Took me some fiddling, but it was a nice challenge! :slight_smile: Not sure if it’s the most elegant solution, though!

'''
The formula given by Codecademy worked for me:
plt.bar([x * num_of_datasets + bar_width * num_of_dataset_to_plot \
    for x in range(len(list_of_x_values))], y_values)

Where:
x * num_of_datasets --> sets the initial x value for each element in list_of_x_values
+ bar_width * num_of_dataset_to_plot --> shifts the x value to match the dataset bar location

In example:
list_of_x_values = [0, 1, 2]
DATASET 1: plt.bar([x*2 +0.8*1 for x in range(len(list_of_x_values))], y_values)
DATASET 2: plt.bar([x*2 +0.8*2 for x in range(len(list_of_x_values))], y_values)
will produce the following plot:
DATASET 1:[0.8, 2.8, 4.8]
DATASET 2:[1.6, 3.6, 5.6]
these will be the default values for the _xticks! 
Remember that by default the ticks are aligned to the center of the bar. 

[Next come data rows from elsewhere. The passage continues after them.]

text \<open>The primes in (m, 2m] all divide the central binomial coefficient, hence their
  product is at most 4^m.\<close>
lemma prod_primes_between_le: "\<Prod>{p. prime p \<and> m < p \<and> p \<le> 2 * m} \<le> 4 ^ m"
proof -
  let ?B = "(2 * m) choose m"
  have sub: "{p. prime p \<and> m < p \<and> p \<le> 2 * m} \<subseteq> prime_factors ?B"
  proof
    fix p assume "p \<in> {p. prime p \<and> m < p \<and> p \<le> 2 * m}"
    then have pr: "prime p" and mp: "m < p" and p2: "p \<le> 2 * m" by auto
    have "p dvd fact (2 * m)" using pr p2 by (simp add: prime_dvd_fact_iff)
    also have "fact (2 * m) = fact m * fact m * ?B"
      using binomial_fact_lemma[of m "2 * m"] by simp
    finally have "p dvd fact m * fact m * ?B" .
    moreover have "\<not> p dvd fact m" using pr mp by (simp add: prime_dvd_fact_iff)
    ultimately have "p dvd ?B" using pr by (simp add: prime_dvd_mult_iff)
    then show "p \<in> prime_factors ?B" using pr by (intro prime_factorsI) auto
  qed
  have "\<Prod>{p. prime p \<and> m < p \<and> p \<le> 2 * m} \<le> ?B" by (rule prod_prime_factors_le[OF _ sub]) simp
  also have "\<dots> \<le> 2 ^ (2 * m)" by (rule binomial_le_pow2)
  also have "\<dots> = 4 ^ m" by (simp add: power_mult)
  finally show ?thesis .
qed

lemma chebyshev_theta_double: "chebyshev_theta (2 * m) - chebyshev_theta m \<le> m * ln 4"
proof -
  let ?M = "{p. prime p \<and> m < p \<and> p \<le> 2 * m}"
  have split: "primes_upto (2 * m) = primes_upto m \<union> ?M"
    unfolding primes_upto_def by auto
  have M_pos: "\<Prod>?M > 0" by (rule prod_pos) (auto simp: prime_gt_0_nat)
  have "chebyshev_theta (2 * m) = chebyshev_theta m + (\<Sum>p\<in>?M. ln (real p))"
    unfolding chebyshev_theta_def split
    by (subst sum.union_disjoint) (auto simp: primes_upto_def)
  also have "(\<Sum>p\<in>?M. ln (real p)) = ln (real (\<Prod>?M))"
    by (subst of_nat_prod, subst ln_prod) (auto simp: prime_gt_0_nat)
  also have "\<dots> \<le> ln (real (4 ^ m))"
    using M_pos prod_primes_between_le[of m]
    by (subst ln_le_cancel_iff) (simp_all only: of_nat_le_iff of_nat_0_less_iff zero_less_power)
  also have "\<dots> = m * ln 4" by (simp add: ln_realpow)
  finally show ?thesis by simp
qed

lemma chebyshev_theta_pow2: "chebyshev_theta (2 ^ J) \<le> 2 ^ (J + 1) * ln 2"
proof (induction J)
  case 0
  have "primes_upto 1 = {}" unfolding primes_upto_def by (auto dest: prime_gt_1_nat)
  then show ?case by (simp add: chebyshev_theta_def)
next
  case (Suc J)
  have "chebyshev_theta (2 ^ Suc J)
      = chebyshev_theta (2 ^ J) + (chebyshev_theta (2 * 2 ^ J) - chebyshev_theta (2 ^ J))" by simp
  also have "\<dots> \<le> 2 ^ (J + 1) * ln 2 + 2 ^ J * ln 4"
    using Suc.IH chebyshev_theta_double[of "2 ^ J"] by simp
  also have "ln (4::real) = 2 * ln 2"
    using ln_realpow[of 2 2] by simp
  finally show ?case by (simp add: algebra_simps)
qed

The same formula works for the _xticks:
ax.set_xticks([x*2 +1.2 for x in range(len(list_of_x_values))])
Where:
I'm copying DATASET 1 values but because the tick is at the center of the DATASET 1 bar,
I need to add 1/2 of width (0.8 + 0.4) to shift the tick forward.
Now it sits between both bars.

If you have an odd number of datasets, just pick the middle values for _xticks.
If you have large even dataset numbers, pick the middle value and add 1/2 of width.
'''

I’m trying to add labels for the x-ticks in this exercise. From try and error, I found that this comprehensive list [telement + wn/1.35 for element in range(d)] will center the tick marks in the middle of each bar-set instead of using the same than store2_x, as I thought at the beginning. Can someone explain to me what’s the logic? Thanks

This is what annoys me a lot about CodeCademy. Why do you make me learn this the hard way, when I can easily create this same graph in Seaborn with just one line of code!?
WHY!?
This is a waste of everyone’s time. I am here to learn how to do data science in the most efficient way using python, not to learn the inner workings of a coding language or the inner workings of different libraries. In the future, you should just consider teaching people how to do things the most efficient way and skip unnecessary nonsense like this.